▸ **Exercise brief**
Go through the entries below and give the number of lines that have the string "exists", and only that.

▸ **Records**

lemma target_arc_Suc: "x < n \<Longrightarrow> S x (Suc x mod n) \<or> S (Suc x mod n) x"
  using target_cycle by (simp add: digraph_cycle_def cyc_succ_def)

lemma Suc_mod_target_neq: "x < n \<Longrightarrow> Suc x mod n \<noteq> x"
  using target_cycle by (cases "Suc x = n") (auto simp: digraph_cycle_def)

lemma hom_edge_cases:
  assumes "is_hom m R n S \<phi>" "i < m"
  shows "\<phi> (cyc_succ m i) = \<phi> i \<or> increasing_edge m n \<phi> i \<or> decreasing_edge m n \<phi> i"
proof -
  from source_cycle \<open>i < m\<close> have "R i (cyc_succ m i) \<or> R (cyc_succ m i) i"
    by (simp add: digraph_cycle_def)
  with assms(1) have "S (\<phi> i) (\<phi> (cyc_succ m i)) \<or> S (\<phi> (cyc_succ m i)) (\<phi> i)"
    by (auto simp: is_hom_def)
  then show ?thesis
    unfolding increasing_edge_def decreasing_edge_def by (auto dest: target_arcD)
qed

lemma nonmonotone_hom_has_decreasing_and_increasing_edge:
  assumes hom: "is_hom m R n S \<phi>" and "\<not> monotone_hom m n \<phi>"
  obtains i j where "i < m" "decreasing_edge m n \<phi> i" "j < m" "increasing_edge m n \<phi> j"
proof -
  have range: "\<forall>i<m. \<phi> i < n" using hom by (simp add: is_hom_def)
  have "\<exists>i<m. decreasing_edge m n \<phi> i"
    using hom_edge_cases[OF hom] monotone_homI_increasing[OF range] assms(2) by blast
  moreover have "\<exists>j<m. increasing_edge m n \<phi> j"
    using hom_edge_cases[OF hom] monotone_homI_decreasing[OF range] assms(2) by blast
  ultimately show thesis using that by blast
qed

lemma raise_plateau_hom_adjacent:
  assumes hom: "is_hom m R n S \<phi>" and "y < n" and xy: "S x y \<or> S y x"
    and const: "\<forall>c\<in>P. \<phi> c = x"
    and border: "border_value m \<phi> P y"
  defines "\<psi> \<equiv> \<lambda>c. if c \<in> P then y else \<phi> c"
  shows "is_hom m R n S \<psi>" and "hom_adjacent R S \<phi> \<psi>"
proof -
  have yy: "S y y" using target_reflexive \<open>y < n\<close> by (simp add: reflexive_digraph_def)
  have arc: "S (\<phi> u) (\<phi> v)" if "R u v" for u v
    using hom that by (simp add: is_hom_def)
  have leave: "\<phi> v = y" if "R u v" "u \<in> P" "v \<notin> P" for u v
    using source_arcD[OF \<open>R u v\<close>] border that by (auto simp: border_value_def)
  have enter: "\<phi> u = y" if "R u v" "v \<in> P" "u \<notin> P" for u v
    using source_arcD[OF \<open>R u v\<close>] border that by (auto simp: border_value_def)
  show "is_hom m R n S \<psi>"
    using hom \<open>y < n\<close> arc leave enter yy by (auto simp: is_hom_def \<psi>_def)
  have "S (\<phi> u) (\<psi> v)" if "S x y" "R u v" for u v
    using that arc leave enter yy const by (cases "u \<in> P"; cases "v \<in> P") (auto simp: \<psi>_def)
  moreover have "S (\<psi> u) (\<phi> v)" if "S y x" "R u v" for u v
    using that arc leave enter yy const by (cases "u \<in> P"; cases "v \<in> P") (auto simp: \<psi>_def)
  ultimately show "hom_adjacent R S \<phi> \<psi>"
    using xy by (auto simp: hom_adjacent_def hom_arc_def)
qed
...
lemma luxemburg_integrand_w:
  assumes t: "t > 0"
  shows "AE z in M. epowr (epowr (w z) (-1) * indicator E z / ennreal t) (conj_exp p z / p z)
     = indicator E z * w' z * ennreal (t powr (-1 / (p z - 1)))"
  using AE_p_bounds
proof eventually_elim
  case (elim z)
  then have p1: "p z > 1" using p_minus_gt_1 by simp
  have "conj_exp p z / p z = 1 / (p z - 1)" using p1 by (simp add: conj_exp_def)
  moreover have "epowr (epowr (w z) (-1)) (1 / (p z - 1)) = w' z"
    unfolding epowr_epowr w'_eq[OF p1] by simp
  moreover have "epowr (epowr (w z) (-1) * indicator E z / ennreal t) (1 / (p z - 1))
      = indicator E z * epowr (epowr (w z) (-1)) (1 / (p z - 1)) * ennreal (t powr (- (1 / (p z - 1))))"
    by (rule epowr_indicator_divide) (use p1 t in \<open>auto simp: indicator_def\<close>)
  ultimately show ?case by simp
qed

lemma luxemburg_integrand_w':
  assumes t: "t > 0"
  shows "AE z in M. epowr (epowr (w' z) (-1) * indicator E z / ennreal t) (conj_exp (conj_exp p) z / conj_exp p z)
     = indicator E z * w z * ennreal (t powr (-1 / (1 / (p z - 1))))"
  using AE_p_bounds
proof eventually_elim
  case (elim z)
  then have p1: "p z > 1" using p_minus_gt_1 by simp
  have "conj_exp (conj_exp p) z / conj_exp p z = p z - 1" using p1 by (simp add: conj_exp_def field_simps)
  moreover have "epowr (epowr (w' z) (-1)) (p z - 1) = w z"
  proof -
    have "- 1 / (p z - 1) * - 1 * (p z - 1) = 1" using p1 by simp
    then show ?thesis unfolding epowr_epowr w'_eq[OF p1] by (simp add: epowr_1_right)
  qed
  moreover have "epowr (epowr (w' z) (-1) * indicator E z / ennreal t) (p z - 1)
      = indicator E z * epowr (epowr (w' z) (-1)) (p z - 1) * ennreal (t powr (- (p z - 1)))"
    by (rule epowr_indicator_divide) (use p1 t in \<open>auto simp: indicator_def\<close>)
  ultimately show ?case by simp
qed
---
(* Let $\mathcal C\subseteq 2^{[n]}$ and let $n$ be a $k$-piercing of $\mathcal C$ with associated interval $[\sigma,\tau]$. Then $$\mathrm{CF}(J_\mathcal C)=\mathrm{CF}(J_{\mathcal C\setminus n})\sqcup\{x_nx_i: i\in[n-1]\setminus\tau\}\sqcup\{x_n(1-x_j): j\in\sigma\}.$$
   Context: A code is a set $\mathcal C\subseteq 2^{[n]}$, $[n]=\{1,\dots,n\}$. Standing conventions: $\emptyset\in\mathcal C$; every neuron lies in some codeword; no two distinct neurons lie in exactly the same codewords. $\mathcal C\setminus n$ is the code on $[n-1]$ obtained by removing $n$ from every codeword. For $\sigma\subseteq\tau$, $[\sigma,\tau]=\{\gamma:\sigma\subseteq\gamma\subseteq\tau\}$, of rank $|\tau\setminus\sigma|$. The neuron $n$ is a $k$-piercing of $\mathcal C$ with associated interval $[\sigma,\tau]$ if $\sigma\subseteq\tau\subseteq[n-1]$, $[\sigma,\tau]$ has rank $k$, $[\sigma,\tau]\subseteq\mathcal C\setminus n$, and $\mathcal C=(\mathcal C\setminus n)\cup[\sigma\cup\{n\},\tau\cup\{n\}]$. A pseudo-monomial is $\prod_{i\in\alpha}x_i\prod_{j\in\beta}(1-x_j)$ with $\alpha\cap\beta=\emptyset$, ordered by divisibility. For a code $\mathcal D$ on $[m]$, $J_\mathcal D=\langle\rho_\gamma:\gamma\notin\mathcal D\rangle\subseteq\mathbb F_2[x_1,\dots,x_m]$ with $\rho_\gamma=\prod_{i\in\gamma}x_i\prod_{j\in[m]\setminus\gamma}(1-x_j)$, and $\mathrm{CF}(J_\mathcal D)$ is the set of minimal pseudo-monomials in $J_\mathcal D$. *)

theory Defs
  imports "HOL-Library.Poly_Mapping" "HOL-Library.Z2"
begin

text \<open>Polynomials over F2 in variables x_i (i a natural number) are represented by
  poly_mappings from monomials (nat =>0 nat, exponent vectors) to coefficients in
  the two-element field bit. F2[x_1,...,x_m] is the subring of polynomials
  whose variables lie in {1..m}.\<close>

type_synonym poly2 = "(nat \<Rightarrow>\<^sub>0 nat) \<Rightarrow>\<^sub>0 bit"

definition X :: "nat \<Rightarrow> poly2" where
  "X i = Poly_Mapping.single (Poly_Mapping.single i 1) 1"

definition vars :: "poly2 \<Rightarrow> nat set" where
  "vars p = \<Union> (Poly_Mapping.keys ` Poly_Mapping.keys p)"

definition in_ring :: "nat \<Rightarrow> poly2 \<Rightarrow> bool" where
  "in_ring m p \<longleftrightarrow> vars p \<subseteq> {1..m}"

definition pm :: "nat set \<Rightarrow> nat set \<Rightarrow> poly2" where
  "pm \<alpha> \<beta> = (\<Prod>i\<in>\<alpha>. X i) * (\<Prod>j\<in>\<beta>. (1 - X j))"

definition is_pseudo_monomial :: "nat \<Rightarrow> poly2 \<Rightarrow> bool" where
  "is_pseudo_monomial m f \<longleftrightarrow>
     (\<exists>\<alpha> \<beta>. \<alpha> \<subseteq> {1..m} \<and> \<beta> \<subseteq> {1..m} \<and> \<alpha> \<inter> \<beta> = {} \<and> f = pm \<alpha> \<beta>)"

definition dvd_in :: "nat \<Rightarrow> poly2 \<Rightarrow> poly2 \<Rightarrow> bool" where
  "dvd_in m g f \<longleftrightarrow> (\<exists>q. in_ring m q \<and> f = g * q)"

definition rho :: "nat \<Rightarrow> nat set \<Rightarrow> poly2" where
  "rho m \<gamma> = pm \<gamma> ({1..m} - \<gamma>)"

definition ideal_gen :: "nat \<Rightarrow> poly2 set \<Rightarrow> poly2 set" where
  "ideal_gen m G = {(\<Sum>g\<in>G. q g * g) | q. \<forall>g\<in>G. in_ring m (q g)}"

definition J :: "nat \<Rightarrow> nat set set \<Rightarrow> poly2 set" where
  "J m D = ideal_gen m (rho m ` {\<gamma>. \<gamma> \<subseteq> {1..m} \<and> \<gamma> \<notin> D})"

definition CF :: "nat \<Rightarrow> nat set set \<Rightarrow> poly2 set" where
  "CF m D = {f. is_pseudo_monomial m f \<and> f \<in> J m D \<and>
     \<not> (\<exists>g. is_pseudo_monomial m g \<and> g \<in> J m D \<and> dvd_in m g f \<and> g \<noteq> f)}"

▸ **Answer for the task**
5